# Recursive to Sum if possible

• Mar 26th 2011, 02:35 PM
dwsmith
Recursive to Sum if possible
Given the following recursive definition is it possible to write it as a sum?

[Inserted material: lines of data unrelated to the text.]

(* Let $p:\mathbb{R}^n\to\mathbb{R}^m$ be a polynomial map with components of degree at most $d$. Then for all $r>0$, $$\sup_{x\in B_{\mathbb{R}^n}(r)}\|p(x)\|\le\alpha(d,m)\,n^d(1+r)^d\sup_{x\in B_{\mathbb{R}^n}(1)}\|p(x)\|,$$ where $\alpha(d,m)=m^{d/2}d^{2d}(d+1)$.
   Context: $B_{\mathbb{R}^n}(r)$ is the closed Euclidean ball of radius $r$ centered at $0$; $\|\cdot\|$ is the Euclidean norm. *)

theory Defs
  imports "HOL-Analysis.Analysis"
begin

definition poly_fun_deg :: "nat \<Rightarrow> (real^'n \<Rightarrow> real) \<Rightarrow> bool" where
  "poly_fun_deg d f \<longleftrightarrow>
     (\<exists>c :: ('n \<Rightarrow> nat) \<Rightarrow> real.
        \<forall>x. f x = (\<Sum>\<alpha>\<in>{\<alpha>. sum \<alpha> UNIV \<le> d}. c \<alpha> * (\<Prod>i\<in>UNIV. (x $ i) ^ (\<alpha> i))))"

definition poly_map_deg :: "nat \<Rightarrow> (real^'n \<Rightarrow> real^'m) \<Rightarrow> bool" where
  "poly_map_deg d p \<longleftrightarrow> (\<forall>j. poly_fun_deg d (\<lambda>x. p x $ j))"

definition alpha_const :: "nat \<Rightarrow> nat \<Rightarrow> real" where
  "alpha_const d m = real m powr (real d / 2) * real d ^ (2 * d) * real (d + 1)"

end

theory Submission
  imports Defs "HOL-Computational_Algebra.Polynomial"
begin

text \<open>Restricted to a ray \<open>t \<mapsto> t u\<close> with \<open>\<parallel>u\<parallel> = 1\<close>, the map \<open>p\<close> is a curve whose
  components are univariate polynomials of degree at most \<open>d\<close>. Lagrange interpolation at the
  \<open>d + 1\<close> equispaced nodes \<open>-1 + 2k/d\<close> of \<open>[-1, 1]\<close> writes \<open>p (t u)\<close> as a combination of
  values of \<open>p\<close> on the unit ball, and each Lagrange basis polynomial is bounded on \<open>[-r, r]\<close> by
  \<open>((1 + r) d)\<^sup>d\<close>, since its \<open>d\<close> factors have numerators at most \<open>1 + r\<close> and denominators at
  least \<open>2/d\<close>. This gives the sharper constant \<open>(d + 1) d\<^sup>d\<close> in place of \<open>\<alpha>(d, m) n\<^sup>d\<close>.\<close>

definition lagrange_basis :: "('i \<Rightarrow> 'a) \<Rightarrow> 'i set \<Rightarrow> 'i \<Rightarrow> 'a \<Rightarrow> 'a::field" where
  "lagrange_basis x I k t = (\<Prod>i\<in>I - {k}. (t - x i) / (x k - x i))"

lemma lagrange_basis_at_node:
  assumes "finite I" "inj_on x I" "k \<in> I" "j \<in> I"
  shows "lagrange_basis x I k (x j) = (if k = j then 1 else 0)"
proof (cases "k = j")
  case True
  have "x k \<noteq> x i" if "i \<in> I - {k}" for i
    using assms that by (auto dest: inj_onD)
  then show ?thesis
    using True by (simp add: lagrange_basis_def)
next
  case False
  then have "j \<in> I - {k}"
    using assms by auto
  then have "(\<Prod>i\<in>I - {k}. (x j - x i) / (x k - x i)) = 0"
    using assms(1) by (intro prod_zero bexI[of _ j]) auto
  then show ?thesis
    using False by (simp add: lagrange_basis_def)
qed

lemma poly_lagrange_interpolation:
  fixes q :: "'a::field poly" and x :: "'i \<Rightarrow> 'a"
  assumes "finite I" "inj_on x I" "degree q < card I"
  shows "poly q t = (\<Sum>k\<in>I. poly q (x k) * lagrange_basis x I k t)"
proof -
  define L where "L k = (\<Prod>i\<in>I - {k}. [:- x i / (x k - x i), 1 / (x k - x i):])" for k
  have poly_L: "poly (L k) s = lagrange_basis x I k s" for k s
    unfolding L_def lagrange_basis_def poly_prod
    by (intro prod.cong refl) (simp add: diff_divide_distrib)
  have degree_L: "degree (L k) < card I" if "k \<in> I" for k
  proof -
    have "degree (L k) \<le> sum (degree \<circ> (\<lambda>i. [:- x i / (x k - x i), 1 / (x k - x i):])) (I - {k})"
      unfolding L_def using assms(1) by (intro degree_prod_sum_le) simp
    also have "\<dots> \<le> (\<Sum>i\<in>I - {k}. 1)"
      by (intro sum_mono) simp
    also have "\<dots> < card I"
      using assms(1) that card_gt_0_iff[of I] by auto
    finally show ?thesis .
  qed
  define Q where "Q = (\<Sum>k\<in>I. smult (poly q (x k)) (L k))"
  have "q = Q"
  proof (rule poly_eqI_degree[where A = "x ` I"])
    fix s assume "s \<in> x ` I"
    then obtain j where j: "j \<in> I" "s = x j"
      by auto
    have "poly Q s = (\<Sum>k\<in>I. poly q (x k) * (if k = j then 1 else 0))"
      unfolding Q_def poly_sum using j assms(1,2)
      by (intro sum.cong refl) (simp add: poly_L lagrange_basis_at_node)
    also have "\<dots> = poly q s"
      using j assms(1) by (simp add: if_distrib cong: if_cong)
    finally show "poly q s = poly Q s" ..
  next
    have "card (x ` I) = card I"
      using assms(2) by (rule card_image)
    moreover have "degree Q < card I"
      unfolding Q_def using assms(3) degree_L
      by (intro degree_sum_less) (auto intro: le_less_trans[OF degree_smult_le])
    ultimately show "degree q < card (x ` I)" "degree Q < card (x ` I)"
      using assms(3) by simp_all
  qed
  then have "poly q t = poly Q t"
    by simp
  also have "\<dots> = (\<Sum>k\<in>I. poly q (x k) * lagrange_basis x I k t)"
    unfolding Q_def poly_sum by (simp add: poly_L)
  finally show ?thesis .
qed

text \<open>For \<open>d = 0\<close> the single node is \<open>-1\<close>, since \<open>0 / 0 = 0\<close>.\<close>

definition equi_node :: "nat \<Rightarrow> nat \<Rightarrow> real" where
  "equi_node d k = -1 + 2 * real k / real d"

lemma abs_equi_node_le:
  assumes "k \<le> d"
  shows "\<bar>equi_node d k\<bar> \<le> 1"
proof (cases "d = 0")
  case False
  then have "2 * real k / real d \<le> 2"
    using assms by (simp add: divide_le_eq)
  moreover have "0 \<le> 2 * real k / real d"
    by simp
  ultimately show ?thesis
    unfolding equi_node_def by linarith
qed (simp add: equi_node_def)

lemma inj_on_equi_node: "inj_on (equi_node d) {..d}"
  by (cases "d = 0") (auto simp: inj_on_def equi_node_def)

lemma abs_lagrange_basis_equi_node_le:
  assumes "k \<le> d"
  shows "\<bar>lagrange_basis (equi_node d) {..d} k t\<bar> \<le> ((1 + \<bar>t\<bar>) * real d) ^ d"
proof (cases "d = 0")
  case True
  then show ?thesis
    using assms by (simp add: lagrange_basis_def)
next
  case False
  have factor_le: "\<bar>(t - equi_node d i) / (equi_node d k - equi_node d i)\<bar> \<le> (1 + \<bar>t\<bar>) * real d"
    if "i \<in> {..d} - {k}" for i
  proof -
    have "equi_node d k - equi_node d i = 2 * (real k - real i) / real d"
      by (simp add: equi_node_def diff_divide_distrib)
    moreover have "1 \<le> \<bar>real k - real i\<bar>"
      using that by auto
    ultimately have gap: "1 / real d \<le> \<bar>equi_node d k - equi_node d i\<bar>"
      using False by (simp add: abs_div divide_right_mono)
    have "\<bar>t - equi_node d i\<bar> \<le> 1 + \<bar>t\<bar>"
      using abs_equi_node_le[of i d] that by auto
    then have "\<bar>t - equi_node d i\<bar> / \<bar>equi_node d k - equi_node d i\<bar> \<le> (1 + \<bar>t\<bar>) / (1 / real d)"
      using gap False by (intro frac_le) auto
    then show ?thesis
      by (simp add: abs_div)
  qed
  have "1 \<le> (1 + \<bar>t\<bar>) * real d"
    using False by (intro mult_ge1_I) auto
  have "\<bar>lagrange_basis (equi_node d) {..d} k t\<bar>
          = (\<Prod>i\<in>{..d} - {k}. \<bar>(t - equi_node d i) / (equi_node d k - equi_node d i)\<bar>)"
    by (simp add: lagrange_basis_def abs_prod)
  also have "\<dots> \<le> ((1 + \<bar>t\<bar>) * real d) ^ d"
    using factor_le assms \<open>1 \<le> (1 + \<bar>t\<bar>) * real d\<close>
    by (intro prod_le_power) (auto simp: card_Diff_singleton)
  finally show ?thesis .
qed

lemma norm_poly_curve_le:
  fixes f :: "real \<Rightarrow> 'a::euclidean_space"
  assumes poly_f: "\<And>b. b \<in> Basis \<Longrightarrow> \<exists>P. degree P \<le> d \<and> (\<forall>s. f s \<bullet> b = poly P s)"
    and bound: "\<And>s. \<bar>s\<bar> \<le> 1 \<Longrightarrow> norm (f s) \<le> M"
  shows "norm (f t) \<le> real (d + 1) * ((1 + \<bar>t\<bar>) * real d) ^ d * M"
proof -
  let ?L = "\<lambda>k. lagrange_basis (equi_node d) {..d} k t"
  have "f t = (\<Sum>k\<le>d. ?L k *\<^sub>R f (equi_node d k))"
  proof (rule euclidean_eqI)
    fix b :: 'a assume "b \<in> Basis"
    then obtain P where "degree P \<le> d" and P: "\<And>s. f s \<bullet> b = poly P s"
      using poly_f by blast
    then have "poly P t = (\<Sum>k\<le>d. poly P (equi_node d k) * ?L k)"
      by (intro poly_lagrange_interpolation inj_on_equi_node) auto
    then show "f t \<bullet> b = (\<Sum>k\<le>d. ?L k *\<^sub>R f (equi_node d k)) \<bullet> b"
      by (simp add: P inner_sum_left mult.commute)
  qed
  also have "norm \<dots> \<le> (\<Sum>k\<le>d. norm (?L k *\<^sub>R f (equi_node d k)))"
    by (rule norm_sum)
  also have "\<dots> \<le> (\<Sum>k\<le>d. ((1 + \<bar>t\<bar>) * real d) ^ d * M)"
  proof (rule sum_mono)
    fix k assume "k \<in> {..d}"
    then have "\<bar>?L k\<bar> \<le> ((1 + \<bar>t\<bar>) * real d) ^ d" and "norm (f (equi_node d k)) \<le> M"
      by (simp_all add: abs_lagrange_basis_equi_node_le bound abs_equi_node_le)
    then show "norm (?L k *\<^sub>R f (equi_node d k)) \<le> ((1 + \<bar>t\<bar>) * real d) ^ d * M"
      by (simp add: mult_mono')
  qed
  also have "\<dots> = real (d + 1) * ((1 + \<bar>t\<bar>) * real d) ^ d * M"
    by simp
  finally show ?thesis .
qed

lemma finite_multidegrees_le: "finite {\<alpha>::'n::finite \<Rightarrow> nat. sum \<alpha> UNIV \<le> d}"
proof (rule finite_subset)
  show "{\<alpha>::'n \<Rightarrow> nat. sum \<alpha> UNIV \<le> d} \<subseteq> PiE UNIV (\<lambda>_. {..d})"
  proof
    fix \<alpha> :: "'n \<Rightarrow> nat" assume "\<alpha> \<in> {\<alpha>. sum \<alpha> UNIV \<le> d}"
    then have "\<alpha> i \<le> d" for i
      using member_le_sum[of i UNIV \<alpha>] by auto
    then show "\<alpha> \<in> PiE UNIV (\<lambda>_. {..d})"
      by auto
  qed
qed (simp add: finite_PiE)

lemma poly_fun_deg_along_line:
  assumes "poly_fun_deg d f"
  shows "\<exists>P. degree P \<le> d \<and> (\<forall>t. f (t *\<^sub>R u) = poly P t)"
proof -
  obtain c where c: "\<And>x. f x = (\<Sum>\<alpha>\<in>{\<alpha>. sum \<alpha> UNIV \<le> d}. c \<alpha> * (\<Prod>i\<in>UNIV. (x $ i) ^ \<alpha> i))"
    using assms unfolding poly_fun_deg_def by blast
  define P where "P = (\<Sum>\<alpha>\<in>{\<alpha>. sum \<alpha> UNIV \<le> d}. monom (c \<alpha> * (\<Prod>i\<in>UNIV. (u $ i) ^ \<alpha> i)) (sum \<alpha> UNIV))"
  have "degree P \<le> d"
    unfolding P_def
    by (intro degree_sum_le finite_multidegrees_le) (auto intro: order.trans[OF degree_monom_le])
  moreover have "f (t *\<^sub>R u) = poly P t" for t
    unfolding c P_def poly_sum poly_monom
    by (intro sum.cong refl) (simp add: power_mult_distrib prod.distrib power_sum)
  ultimately show ?thesis
    by blast
qed

lemma continuous_on_poly_fun_deg:
  assumes "poly_fun_deg d f"
  shows "continuous_on S f"
proof -
  obtain c where "\<And>x. f x = (\<Sum>\<alpha>\<in>{\<alpha>. sum \<alpha> UNIV \<le> d}. c \<alpha> * (\<Prod>i\<in>UNIV. (x $ i) ^ \<alpha> i))"
    using assms unfolding poly_fun_deg_def by blast
  then have "f = (\<lambda>x. \<Sum>\<alpha>\<in>{\<alpha>. sum \<alpha> UNIV \<le> d}. c \<alpha> * (\<Prod>i\<in>UNIV. (x $ i) ^ \<alpha> i))"
    by auto
  then show ?thesis
    by (simp add: continuous_intros)
qed

lemma continuous_on_poly_map_deg:
  assumes "poly_map_deg d p"
  shows "continuous_on S p"
proof -
  have "continuous_on S (\<lambda>x. \<chi> j. p x $ j)"
    using assms unfolding poly_map_deg_def
    by (intro continuous_on_vec_lambda continuous_on_poly_fun_deg) blast
  then show ?thesis
    by simp
qed

lemma norm_poly_map_le_on_cball:
  assumes "poly_map_deg d p"
    and bound: "\<And>y. y \<in> cball 0 1 \<Longrightarrow> norm (p y) \<le> M"
    and "x \<in> cball 0 r"
  shows "norm (p x) \<le> real (d + 1) * ((1 + r) * real d) ^ d * M"
proof -
  let ?u = "sgn x"
  have "\<exists>P. degree P \<le> d \<and> (\<forall>s. p (s *\<^sub>R ?u) \<bullet> b = poly P s)" if "b \<in> Basis" for b
  proof -
    obtain j where "b = axis j 1"
      using \<open>b \<in> Basis\<close> by (auto simp: Basis_vec_def)
    then show ?thesis
      using assms(1) poly_fun_deg_along_line[of d "\<lambda>x. p x $ j" ?u]
      by (simp add: poly_map_deg_def inner_axis)
  qed
  moreover have "norm (p (s *\<^sub>R ?u)) \<le> M" if "\<bar>s\<bar> \<le> 1" for s
    using that by (intro bound) (simp add: norm_sgn mult_le_one)
  ultimately have "norm (p (norm x *\<^sub>R ?u)) \<le> real (d + 1) * ((1 + \<bar>norm x\<bar>) * real d) ^ d * M"
    by (rule norm_poly_curve_le)
  also have "\<dots> \<le> real (d + 1) * ((1 + r) * real d) ^ d * M"
  proof -
    have "((1 + \<bar>norm x\<bar>) * real d) ^ d \<le> ((1 + r) * real d) ^ d"
      using assms(3) by (intro power_mono mult_right_mono) auto
    moreover have "M \<ge> 0"
      using order.trans[OF norm_ge_zero bound[of 0]] by simp
    ultimately show ?thesis
      by (intro mult_right_mono mult_left_mono) auto
  qed
  finally show ?thesis
    by (cases "x = 0") (simp_all add: sgn_div_norm)
qed

lemma interpolation_constant_le_alpha_const:
  assumes "r \<ge> 0" "m \<ge> 1" "n \<ge> 1"
  shows "real (d + 1) * ((1 + r) * real d) ^ d \<le> alpha_const d m * real n ^ d * (1 + r) ^ d"
proof -
  let ?K = "real (d + 1) * ((1 + r) ^ d * real d ^ (2 * d))"
  have "real d ^ d \<le> real d ^ (2 * d)"
    by (cases "d = 0") (auto intro: power_increasing)
  then have "real (d + 1) * ((1 + r) * real d) ^ d \<le> ?K"
    unfolding power_mult_distrib
    using assms(1) by (intro mult_left_mono) auto
  also have "\<dots> \<le> (real m powr (real d / 2) * real n ^ d) * ?K"
  proof -
    have "1 \<le> real m powr (real d / 2) * real n ^ d"
      using assms by (intro mult_ge1_I one_le_power ge_one_powr_ge_zero) auto
    moreover have "0 \<le> ?K"
      using assms(1) by simp
    ultimately show ?thesis
      using mult_right_mono by fastforce
  qed
  also have "\<dots> = alpha_const d m * real n ^ d * (1 + r) ^ d"
    by (simp add: alpha_const_def mult_ac)
  finally show ?thesis .
qed

theorem lemma4p17:
  fixes p :: "real^'n \<Rightarrow> real^'m" and d :: nat and r :: real
  assumes "poly_map_deg d p" and "r > 0"
  shows "(SUP x\<in>cball 0 r. norm (p x))
           \<le> alpha_const d CARD('m) * real CARD('n) ^ d * (1 + r) ^ d
              * (SUP x\<in>cball 0 1. norm (p x))"
proof -
  define M where "M = (SUP x\<in>cball 0 1. norm (p x))"
  have "compact (p ` cball 0 1)"
    using assms(1) by (intro compact_continuous_image continuous_on_poly_map_deg) auto
  then have "bdd_above ((\<lambda>x. norm (p x)) ` cball 0 1)"
    by (auto dest!: compact_imp_bounded simp: bounded_iff bdd_above_def)
  then have bound: "norm (p y) \<le> M" if "y \<in> cball 0 1" for y
    unfolding M_def using that by (rule cSUP_upper2) simp
  then have "M \<ge> 0"
    using norm_ge_zero order.trans by (metis centre_in_cball zero_le_one)
  have "(SUP x\<in>cball 0 r. norm (p x)) \<le> real (d + 1) * ((1 + r) * real d) ^ d * M"
    using assms bound by (intro cSUP_least norm_poly_map_le_on_cball) auto
  also have "\<dots> \<le> alpha_const d CARD('m) * real CARD('n) ^ d * (1 + r) ^ d * M"
    using \<open>M \<ge> 0\<close> assms(2)
    by (intro mult_right_mono interpolation_constant_le_alpha_const) auto
  finally show ?thesis
    unfolding M_def .
qed

end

$\displaystyle a_0=1,337,101.43 \ \ \ a_n=a_{n-1}(1+33*.02)*1.03^{n-1}$
• Mar 26th 2011, 03:59 PM
HallsofIvy
So $x_n= (1.66)(1.03)^{n-1}a_{n-1}$?

My suggestion would be to calculate some of them:
$a_1= (1.6)a_0$
$a_2= (1.6)(1.03)a_1= (1.6)^2(1.03)a_0$
$a_3= (1.6)(1.03)^2a_2= (1.6)^3(1.03)^3a_0$
$a_4= (1.6)(1.03)^3a_3= (1.6)^4(1.03)^6a_0$
$a_5= (1.6)(1.03)^4a_4= (1.6)^5(1.03)10a_0$
etc.

So it's clear that the formula involves $(1.6)^{n-1}$. The powers on 1.03 are 0, 1, 1+ 2= 3, 1+ 2+ 3= 6, 1+ 2+ 3+ 4= 10, etc. for n= 1, 2, 3, 4, 5, ... That is, of course, $\frac{n(n- 1)}{2}$.